Middle-Earth is completely saturated in grey. It can be found in the names of some of its most important places and people: the Grey Havens is the ancient port city that leads passengers to the Undying Lands across the sea, and almost all the names of Gandalf the Grey — Mithrandir, Greyhame, Tharkun, Stormcrow — hold the colour somewhere in their meaning.



But Tolkien’s use of grey goes beyond the usual candidates of stone, clouds, cliffs, fortress walls, and distant mountains. Descriptions that might otherwise be lush, earthy, and vivid — dew on grass, morning light, starless night skies, falling leaves, foaming rivers, distant hillsides, deep shadows, the knarled trunks of ancient trees, the dawn itself — are instead described as grey. Old, gentle, faded. Many characters are also painted in this murky monotone: grey is woven into their robes and shoes, their chainmail, flecked in their hair, shining in the eyes of its wisest wizards, its oldest stewards, its lost kings. And even past setting and character, the path of the fellowship is described in the same way: the hours themselves are dim and grey as they trudge on an uncertain road in a dying world.


Once I noticed it, I couldn’t help but see greyness everywhere in the book, a heavy mist over every landscape, beneath every weary hero’s gaze. But I don’t think this is just a quirk of the narrator, or the unhealthy habit of an author obsessed with the many connotations of his favourite catch-all adjective. I think grey is a symbol for the world as a whole, and is used as a motif throughout its volumes.


A crucial underlying theme in Tolkien’s works is the idea of ‘the long defeat’. Middle-Earth is an ancient, wilting place, and the powers of its greatest rulers will end with either outcome of the oncoming war. The Fellowship’s primary goal to destroy the Ruling Ring is a bittersweet quest, because the Ring is deeply tied to the prosperity of its most wonderous and magical places and peoples. Mutually assured destruction, carefully crafted by a wicked, fallen god. But despite the helplessness that often tints stories with these kinds of prospects, Tolkien emphasises the importance of hope, strength, and courage. To keep fighting until the very end.
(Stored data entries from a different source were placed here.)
lemma mat_tr_pow_succ_antisym_sym:
  assumes odd: "mat_parity True A" "mat_parity True B"
    and antisym: "\<And>i j. A j i = - A i j" and sym: "\<And>i j. B j i = B i j"
  shows "mat_tr n (mat_pow_succ n (mat_prod n A B) k) = 0"
proof -
  let ?C = "mat_prod n A B" and ?D = "mat_prod n B A"
  have even: "mat_parity False ?C" "mat_parity False ?D"
    using mat_parity_prod[OF odd(1,2)] mat_parity_prod[OF odd(2,1)] by simp_all
  have "mat_tr n (mat_pow_succ n ?C k) = mat_tr n (mat_transpose (mat_pow_succ n ?C k))"
    by (simp add: mat_tr_transpose)
  also have "\<dots> = mat_tr n (mat_pow_succ n ?D k)"
    by (simp add: mat_transpose_pow_succ_even[OF even(1)]
        mat_transpose_prod_antisym_sym[OF odd antisym sym])
  finally have transposed: "mat_tr n (mat_pow_succ n ?C k) = mat_tr n (mat_pow_succ n ?D k)" .
  have cycled: "mat_tr n (mat_pow_succ n ?C k) = - mat_tr n (mat_pow_succ n ?D k)"
  proof (cases k)
    case 0
    then show ?thesis using mat_tr_prod_odd_anticommute[OF odd] by simp
  next
    case (Suc k')
    have "mat_pow_succ n ?C k = mat_prod n A (mat_prod n (mat_pow_succ n ?D k') B)"
      by (simp add: Suc mat_pow_succ_Suc_left mat_prod_assoc mat_prod_pow_succ_intertwine
          del: mat_pow_succ.simps)
    moreover have "mat_parity True (mat_prod n (mat_pow_succ n ?D k') B)"
      using mat_parity_prod[OF mat_parity_pow_succ[OF even(2)] odd(2)] by simp
    ultimately have "mat_tr n (mat_pow_succ n ?C k)
        = - mat_tr n (mat_prod n (mat_prod n (mat_pow_succ n ?D k') B) A)"
      by (simp add: mat_tr_prod_odd_anticommute[OF odd(1)])
    then show ?thesis by (simp add: Suc mat_prod_assoc)
  qed
  from transposed cycled show ?thesis
    by (simp add: exterior_eq_uminus_self)
qed

lemma foldr_ext_add_Rep:
  "foldr ext_add (map (\<lambda>l. Rep_exterior (f l)) xs) ext_zero = Rep_exterior (sum_list (map f xs))"
  by (induction xs) (simp_all add: ext_add_def ext_zero_def plus_exterior.rep_eq zero_exterior.rep_eq)

lemma mat_mult_Rep:
  "mat_mult n (\<lambda>i j. Rep_exterior (X i j)) (\<lambda>i j. Rep_exterior (Y i j))
    = (\<lambda>i j. Rep_exterior (mat_prod n X Y i j))"
  unfolding mat_mult_def mat_prod_def
  by (simp add: foldr_ext_add_Rep interv_sum_list_conv_sum_set_nat atLeast0LessThan
      flip: times_exterior.rep_eq)

lemma mat_pow_Rep:
  "mat_pow n (\<lambda>i j. Rep_exterior (X i j)) k = (\<lambda>i j. Rep_exterior (mat_power n X k i j))"
proof (induction k)
  case 0
  show ?case
    by (auto simp: mat_id_def fun_eq_iff one_exterior.rep_eq zero_exterior.rep_eq ext_zero_def)
qed (simp add: mat_mult_Rep)

lemma mat_trace_Rep: "mat_trace n (\<lambda>i j. Rep_exterior (X i j)) = Rep_exterior (mat_tr n X)"
  unfolding mat_trace_def mat_tr_def
  using foldr_ext_add_Rep[of "\<lambda>i. X i i" "[0..<n]"]
  by (simp add: interv_sum_list_conv_sum_set_nat atLeast0LessThan)

lemma ext_parity_a_elt: "ext_parity True (a_elt i j)"
  by (simp add: a_elt_def ext_parity_gen ext_parity_smult ext_parity_zero)

lemma ext_parity_b_elt: "ext_parity True (b_elt i j)"
  by (simp add: b_elt_def ext_parity_gen ext_parity_smult)

lift_definition a_mat :: "nat \<Rightarrow> nat \<Rightarrow> gen exterior" is a_elt
  by (rule ext_parity_vanishes_infinite[OF ext_parity_a_elt])

lift_definition b_mat :: "nat \<Rightarrow> nat \<Rightarrow> gen exterior" is b_elt
  by (rule ext_parity_vanishes_infinite[OF ext_parity_b_elt])

lemma mat_parity_a_mat: "mat_parity True a_mat"
  by (simp add: mat_parity_def parity.rep_eq a_mat.rep_eq ext_parity_a_elt)

lemma mat_parity_b_mat: "mat_parity True b_mat"
  by (simp add: mat_parity_def parity.rep_eq b_mat.rep_eq ext_parity_b_elt)

lemma a_mat_antisym: "a_mat j i = - a_mat i j"
  by transfer (auto simp: a_elt_def ext_smult_def ext_zero_def)

lemma b_mat_sym: "b_mat j i = b_mat i j"
  by transfer (simp add: b_elt_def min.commute max.commute eq_commute)

theorem proposition5p4:
  fixes n k :: nat
  assumes "k > 0"
  shows "mat_trace n (mat_pow n (mat_mult n a_elt b_elt) k) = ext_zero"
proof -
  obtain m where k: "k = Suc m" using assms by (cases k) auto
  have a: "a_elt = (\<lambda>i j. Rep_exterior (a_mat i j))" and b: "b_elt = (\<lambda>i j. Rep_exterior (b_mat i j))"
    by (simp_all add: a_mat.rep_eq b_mat.rep_eq)
  have "mat_trace n (mat_pow n (mat_mult n a_elt b_elt) k)
      = Rep_exterior (mat_tr n (mat_power n (mat_prod n a_mat b_mat) k))"
    unfolding a b by (simp only: mat_mult_Rep mat_pow_Rep mat_trace_Rep)
  also have "\<dots> = Rep_exterior (mat_tr n (mat_pow_succ n (mat_prod n a_mat b_mat) m))"
    by (simp only: k mat_tr_power_Suc)
  also have "\<dots> = ext_zero"
    using mat_tr_pow_succ_antisym_sym[OF mat_parity_a_mat mat_parity_b_mat a_mat_antisym b_mat_sym]
    by (simp add: zero_exterior.rep_eq ext_zero_def)
  finally show ?thesis .
qed

end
The Lord of the Rings is a story about loss, reluctance, friendship, and fate. It’s an elegy for a world of fog and fading magic. Grey is the colour of age, of melancholy, of cold skies and pale stone, but also of purity and balance, wisdom and promise. To me, grey seems to be the emblem used throughout the narrative as a reminder of this theme, a veil that covers the story, that cloaks the world and weighs on its characters.


I’ve learned a lot from re-reading Fellowship. For one thing, the simplicity of Tolkien’s language goes against every instinct I have as a writer to use every obscure synonym I can get my hands on. But more than that, I’m so glad I still love the written world of Middle-Earth as much as I did when I was younger. The magic that I found there still lives on in the things I make, and I can’t wait to find more glimpses of grey in the rest of the trilogy. The end of their age — an age of long-preserved beauty and untamed wonder — is fast approaching, and I will journey with Tolkien’s heroes through a continent on the brink of tragic, irreversible change. I'll let you know how it goes. I'll probably cry at the end, just like I did the first time.